=== PROBLEM DESCRIPTION ===
When the word "identities" shows up in a line of the data below, copy that whole line.

Items from a dataset:

▼

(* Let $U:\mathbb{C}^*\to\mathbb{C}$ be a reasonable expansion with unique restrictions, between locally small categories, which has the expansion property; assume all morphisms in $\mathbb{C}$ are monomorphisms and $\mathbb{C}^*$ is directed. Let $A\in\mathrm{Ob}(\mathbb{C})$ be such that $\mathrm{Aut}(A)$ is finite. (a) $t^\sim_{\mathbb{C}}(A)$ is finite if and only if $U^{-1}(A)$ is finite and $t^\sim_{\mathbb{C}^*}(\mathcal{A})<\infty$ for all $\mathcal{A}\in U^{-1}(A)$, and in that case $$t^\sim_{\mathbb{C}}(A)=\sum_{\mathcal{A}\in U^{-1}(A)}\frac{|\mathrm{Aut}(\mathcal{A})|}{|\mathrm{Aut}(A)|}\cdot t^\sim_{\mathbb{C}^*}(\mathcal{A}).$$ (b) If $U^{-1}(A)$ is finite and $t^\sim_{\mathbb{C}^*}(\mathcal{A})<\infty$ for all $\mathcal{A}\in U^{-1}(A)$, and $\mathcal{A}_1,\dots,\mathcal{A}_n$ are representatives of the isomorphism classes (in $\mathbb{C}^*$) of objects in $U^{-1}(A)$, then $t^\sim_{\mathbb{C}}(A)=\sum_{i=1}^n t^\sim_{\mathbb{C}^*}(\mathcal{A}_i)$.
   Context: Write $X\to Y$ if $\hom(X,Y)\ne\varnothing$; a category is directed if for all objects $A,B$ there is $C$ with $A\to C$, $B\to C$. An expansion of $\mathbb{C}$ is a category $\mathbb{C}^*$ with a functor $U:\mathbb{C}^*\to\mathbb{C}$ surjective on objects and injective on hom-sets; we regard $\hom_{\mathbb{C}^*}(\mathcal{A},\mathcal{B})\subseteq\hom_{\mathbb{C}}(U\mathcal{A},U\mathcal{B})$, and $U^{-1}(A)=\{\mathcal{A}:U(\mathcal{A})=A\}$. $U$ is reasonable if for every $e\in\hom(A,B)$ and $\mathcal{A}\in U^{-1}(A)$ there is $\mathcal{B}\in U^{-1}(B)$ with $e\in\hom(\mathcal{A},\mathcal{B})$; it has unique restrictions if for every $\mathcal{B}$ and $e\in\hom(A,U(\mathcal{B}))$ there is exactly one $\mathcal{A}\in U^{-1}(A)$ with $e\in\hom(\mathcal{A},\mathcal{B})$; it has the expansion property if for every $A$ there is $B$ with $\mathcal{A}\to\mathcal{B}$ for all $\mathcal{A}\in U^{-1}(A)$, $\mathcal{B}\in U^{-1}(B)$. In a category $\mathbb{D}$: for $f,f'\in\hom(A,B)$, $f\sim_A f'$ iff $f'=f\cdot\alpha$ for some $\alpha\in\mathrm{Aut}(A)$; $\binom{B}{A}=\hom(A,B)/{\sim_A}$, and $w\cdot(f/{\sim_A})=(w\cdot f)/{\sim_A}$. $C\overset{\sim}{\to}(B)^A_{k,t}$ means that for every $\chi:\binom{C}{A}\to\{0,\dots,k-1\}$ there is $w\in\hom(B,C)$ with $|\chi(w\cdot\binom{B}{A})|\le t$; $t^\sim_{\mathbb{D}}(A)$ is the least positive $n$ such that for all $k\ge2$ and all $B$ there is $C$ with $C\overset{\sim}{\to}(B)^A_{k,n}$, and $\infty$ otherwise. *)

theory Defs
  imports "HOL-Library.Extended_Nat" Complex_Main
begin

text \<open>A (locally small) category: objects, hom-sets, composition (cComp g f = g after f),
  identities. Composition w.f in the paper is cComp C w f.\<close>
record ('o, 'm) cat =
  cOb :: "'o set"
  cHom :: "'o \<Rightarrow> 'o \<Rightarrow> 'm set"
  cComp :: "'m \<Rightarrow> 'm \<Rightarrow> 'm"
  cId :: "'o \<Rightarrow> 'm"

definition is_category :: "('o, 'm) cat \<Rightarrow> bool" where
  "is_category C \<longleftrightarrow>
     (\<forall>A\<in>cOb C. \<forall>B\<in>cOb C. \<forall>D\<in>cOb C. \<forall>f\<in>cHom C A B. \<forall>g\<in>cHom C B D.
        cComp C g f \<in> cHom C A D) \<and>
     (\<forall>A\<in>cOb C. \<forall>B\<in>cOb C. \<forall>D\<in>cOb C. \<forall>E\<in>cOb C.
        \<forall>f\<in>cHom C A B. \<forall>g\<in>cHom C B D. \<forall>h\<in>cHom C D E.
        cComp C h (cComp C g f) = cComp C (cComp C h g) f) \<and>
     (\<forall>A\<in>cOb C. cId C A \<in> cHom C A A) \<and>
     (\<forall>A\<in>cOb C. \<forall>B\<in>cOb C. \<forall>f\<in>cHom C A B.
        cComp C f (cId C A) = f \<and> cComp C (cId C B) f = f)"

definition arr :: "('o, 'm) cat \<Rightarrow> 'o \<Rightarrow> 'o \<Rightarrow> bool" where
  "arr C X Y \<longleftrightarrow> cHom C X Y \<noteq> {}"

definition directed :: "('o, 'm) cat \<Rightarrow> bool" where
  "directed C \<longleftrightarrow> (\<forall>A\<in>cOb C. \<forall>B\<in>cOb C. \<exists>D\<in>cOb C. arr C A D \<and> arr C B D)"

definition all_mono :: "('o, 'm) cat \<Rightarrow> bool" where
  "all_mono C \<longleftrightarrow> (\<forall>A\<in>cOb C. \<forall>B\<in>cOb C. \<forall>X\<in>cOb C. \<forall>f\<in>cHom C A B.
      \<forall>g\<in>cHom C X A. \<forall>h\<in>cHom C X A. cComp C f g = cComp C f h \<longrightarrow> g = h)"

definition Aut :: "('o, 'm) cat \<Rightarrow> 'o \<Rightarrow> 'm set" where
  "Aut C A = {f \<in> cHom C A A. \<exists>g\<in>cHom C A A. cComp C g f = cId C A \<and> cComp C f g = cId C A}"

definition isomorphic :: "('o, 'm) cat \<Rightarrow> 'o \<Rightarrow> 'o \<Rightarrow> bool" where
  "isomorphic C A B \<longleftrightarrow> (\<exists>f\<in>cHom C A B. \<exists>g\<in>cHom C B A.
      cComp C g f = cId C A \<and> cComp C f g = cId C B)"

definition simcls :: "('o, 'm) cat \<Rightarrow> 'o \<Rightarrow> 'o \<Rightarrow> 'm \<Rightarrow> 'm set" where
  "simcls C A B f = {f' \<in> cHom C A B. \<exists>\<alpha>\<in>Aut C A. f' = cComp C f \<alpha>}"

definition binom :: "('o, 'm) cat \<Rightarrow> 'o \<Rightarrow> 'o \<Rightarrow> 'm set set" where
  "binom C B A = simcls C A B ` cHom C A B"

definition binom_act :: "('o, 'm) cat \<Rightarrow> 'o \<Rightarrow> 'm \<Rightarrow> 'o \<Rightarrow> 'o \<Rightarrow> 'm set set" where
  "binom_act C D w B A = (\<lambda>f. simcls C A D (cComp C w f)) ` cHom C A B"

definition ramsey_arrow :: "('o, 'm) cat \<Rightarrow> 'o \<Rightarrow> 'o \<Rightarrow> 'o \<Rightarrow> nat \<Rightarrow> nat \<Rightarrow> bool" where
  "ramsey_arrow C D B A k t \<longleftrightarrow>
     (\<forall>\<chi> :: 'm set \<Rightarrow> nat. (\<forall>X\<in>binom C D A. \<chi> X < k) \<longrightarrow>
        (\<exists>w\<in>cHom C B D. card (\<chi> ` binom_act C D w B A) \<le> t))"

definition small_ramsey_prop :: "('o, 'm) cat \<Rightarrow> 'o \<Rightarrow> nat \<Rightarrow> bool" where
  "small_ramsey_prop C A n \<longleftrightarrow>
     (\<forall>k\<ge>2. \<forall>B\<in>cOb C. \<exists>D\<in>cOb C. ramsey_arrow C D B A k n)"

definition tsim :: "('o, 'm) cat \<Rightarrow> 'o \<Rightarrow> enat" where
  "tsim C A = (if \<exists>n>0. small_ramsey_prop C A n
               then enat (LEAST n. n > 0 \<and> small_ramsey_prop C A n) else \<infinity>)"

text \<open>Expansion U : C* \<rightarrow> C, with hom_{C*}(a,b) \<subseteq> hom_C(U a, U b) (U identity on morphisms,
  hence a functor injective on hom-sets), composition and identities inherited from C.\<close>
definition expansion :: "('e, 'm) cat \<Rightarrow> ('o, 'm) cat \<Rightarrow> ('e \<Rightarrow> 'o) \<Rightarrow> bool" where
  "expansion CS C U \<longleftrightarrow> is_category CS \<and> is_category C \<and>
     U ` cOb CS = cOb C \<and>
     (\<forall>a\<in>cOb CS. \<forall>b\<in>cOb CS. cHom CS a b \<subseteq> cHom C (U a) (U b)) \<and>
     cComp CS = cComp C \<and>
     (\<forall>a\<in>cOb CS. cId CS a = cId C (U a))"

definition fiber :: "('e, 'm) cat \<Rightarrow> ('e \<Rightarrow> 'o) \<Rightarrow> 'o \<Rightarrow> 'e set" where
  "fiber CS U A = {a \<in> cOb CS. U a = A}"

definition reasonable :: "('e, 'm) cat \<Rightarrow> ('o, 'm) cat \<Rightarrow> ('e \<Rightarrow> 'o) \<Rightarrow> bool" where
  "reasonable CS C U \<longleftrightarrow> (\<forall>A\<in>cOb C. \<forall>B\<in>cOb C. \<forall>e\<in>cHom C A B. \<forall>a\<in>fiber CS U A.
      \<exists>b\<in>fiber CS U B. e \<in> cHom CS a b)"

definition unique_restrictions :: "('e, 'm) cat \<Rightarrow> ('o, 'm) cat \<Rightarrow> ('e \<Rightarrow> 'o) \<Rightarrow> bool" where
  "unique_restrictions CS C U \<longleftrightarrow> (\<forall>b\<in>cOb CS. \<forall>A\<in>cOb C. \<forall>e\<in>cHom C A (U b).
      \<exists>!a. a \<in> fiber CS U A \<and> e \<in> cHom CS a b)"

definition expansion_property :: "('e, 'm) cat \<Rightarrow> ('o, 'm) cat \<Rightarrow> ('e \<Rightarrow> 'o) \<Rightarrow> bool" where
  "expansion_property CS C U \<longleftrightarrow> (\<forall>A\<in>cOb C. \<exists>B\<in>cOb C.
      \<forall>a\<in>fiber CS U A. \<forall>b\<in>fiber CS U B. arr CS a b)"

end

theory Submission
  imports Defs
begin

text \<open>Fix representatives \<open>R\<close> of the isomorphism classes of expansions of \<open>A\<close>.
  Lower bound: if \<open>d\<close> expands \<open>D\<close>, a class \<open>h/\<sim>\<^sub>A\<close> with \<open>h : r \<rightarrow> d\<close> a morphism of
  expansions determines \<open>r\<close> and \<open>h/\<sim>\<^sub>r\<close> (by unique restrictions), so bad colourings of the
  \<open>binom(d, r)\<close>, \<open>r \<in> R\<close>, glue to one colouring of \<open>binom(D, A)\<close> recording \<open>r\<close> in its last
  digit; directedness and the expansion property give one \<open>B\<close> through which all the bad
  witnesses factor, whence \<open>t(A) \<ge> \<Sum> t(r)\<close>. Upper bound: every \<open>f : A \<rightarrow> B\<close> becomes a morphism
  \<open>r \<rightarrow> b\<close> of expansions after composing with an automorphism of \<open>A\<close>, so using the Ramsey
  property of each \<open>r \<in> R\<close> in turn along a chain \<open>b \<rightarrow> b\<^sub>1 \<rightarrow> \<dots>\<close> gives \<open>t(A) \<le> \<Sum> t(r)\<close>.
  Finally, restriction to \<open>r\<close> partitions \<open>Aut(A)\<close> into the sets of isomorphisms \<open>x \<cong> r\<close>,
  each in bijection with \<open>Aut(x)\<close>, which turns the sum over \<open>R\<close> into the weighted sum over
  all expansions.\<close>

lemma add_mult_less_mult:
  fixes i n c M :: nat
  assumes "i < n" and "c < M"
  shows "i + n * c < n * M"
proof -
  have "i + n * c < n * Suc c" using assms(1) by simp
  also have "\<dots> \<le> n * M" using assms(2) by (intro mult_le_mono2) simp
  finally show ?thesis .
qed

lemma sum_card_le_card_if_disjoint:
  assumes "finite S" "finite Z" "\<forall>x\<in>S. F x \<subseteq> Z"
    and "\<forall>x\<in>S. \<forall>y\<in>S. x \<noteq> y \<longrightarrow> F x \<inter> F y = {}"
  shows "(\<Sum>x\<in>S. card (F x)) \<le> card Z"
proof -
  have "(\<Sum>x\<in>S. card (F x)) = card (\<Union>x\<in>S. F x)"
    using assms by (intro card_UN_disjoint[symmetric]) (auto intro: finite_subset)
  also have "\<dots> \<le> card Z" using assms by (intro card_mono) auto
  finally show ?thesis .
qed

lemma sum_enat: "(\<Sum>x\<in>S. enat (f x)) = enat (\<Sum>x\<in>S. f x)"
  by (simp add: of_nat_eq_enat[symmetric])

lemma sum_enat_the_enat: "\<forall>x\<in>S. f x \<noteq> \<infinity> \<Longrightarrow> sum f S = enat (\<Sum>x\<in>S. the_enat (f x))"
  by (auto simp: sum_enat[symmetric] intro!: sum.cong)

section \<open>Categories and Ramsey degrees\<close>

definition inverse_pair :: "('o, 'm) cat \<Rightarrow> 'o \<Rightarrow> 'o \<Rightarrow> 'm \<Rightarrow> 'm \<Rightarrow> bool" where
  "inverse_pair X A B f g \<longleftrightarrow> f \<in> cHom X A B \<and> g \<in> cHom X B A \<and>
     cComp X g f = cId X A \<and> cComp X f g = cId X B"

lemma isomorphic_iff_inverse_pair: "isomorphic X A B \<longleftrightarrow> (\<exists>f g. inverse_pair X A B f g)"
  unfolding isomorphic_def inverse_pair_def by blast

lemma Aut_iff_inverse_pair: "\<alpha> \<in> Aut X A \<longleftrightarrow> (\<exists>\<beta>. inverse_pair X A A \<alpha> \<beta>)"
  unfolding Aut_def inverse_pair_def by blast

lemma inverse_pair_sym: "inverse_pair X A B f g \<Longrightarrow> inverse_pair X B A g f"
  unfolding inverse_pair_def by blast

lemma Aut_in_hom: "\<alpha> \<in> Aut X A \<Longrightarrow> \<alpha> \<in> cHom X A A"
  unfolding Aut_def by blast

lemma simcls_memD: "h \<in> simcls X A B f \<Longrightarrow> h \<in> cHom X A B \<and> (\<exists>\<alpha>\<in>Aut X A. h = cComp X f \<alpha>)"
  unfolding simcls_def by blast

▲

=== ANSWER ===
  identities. Composition w.f in the paper is cComp C w f.\<close>
  hence a functor injective on hom-sets), composition and identities inherited from C.\<close>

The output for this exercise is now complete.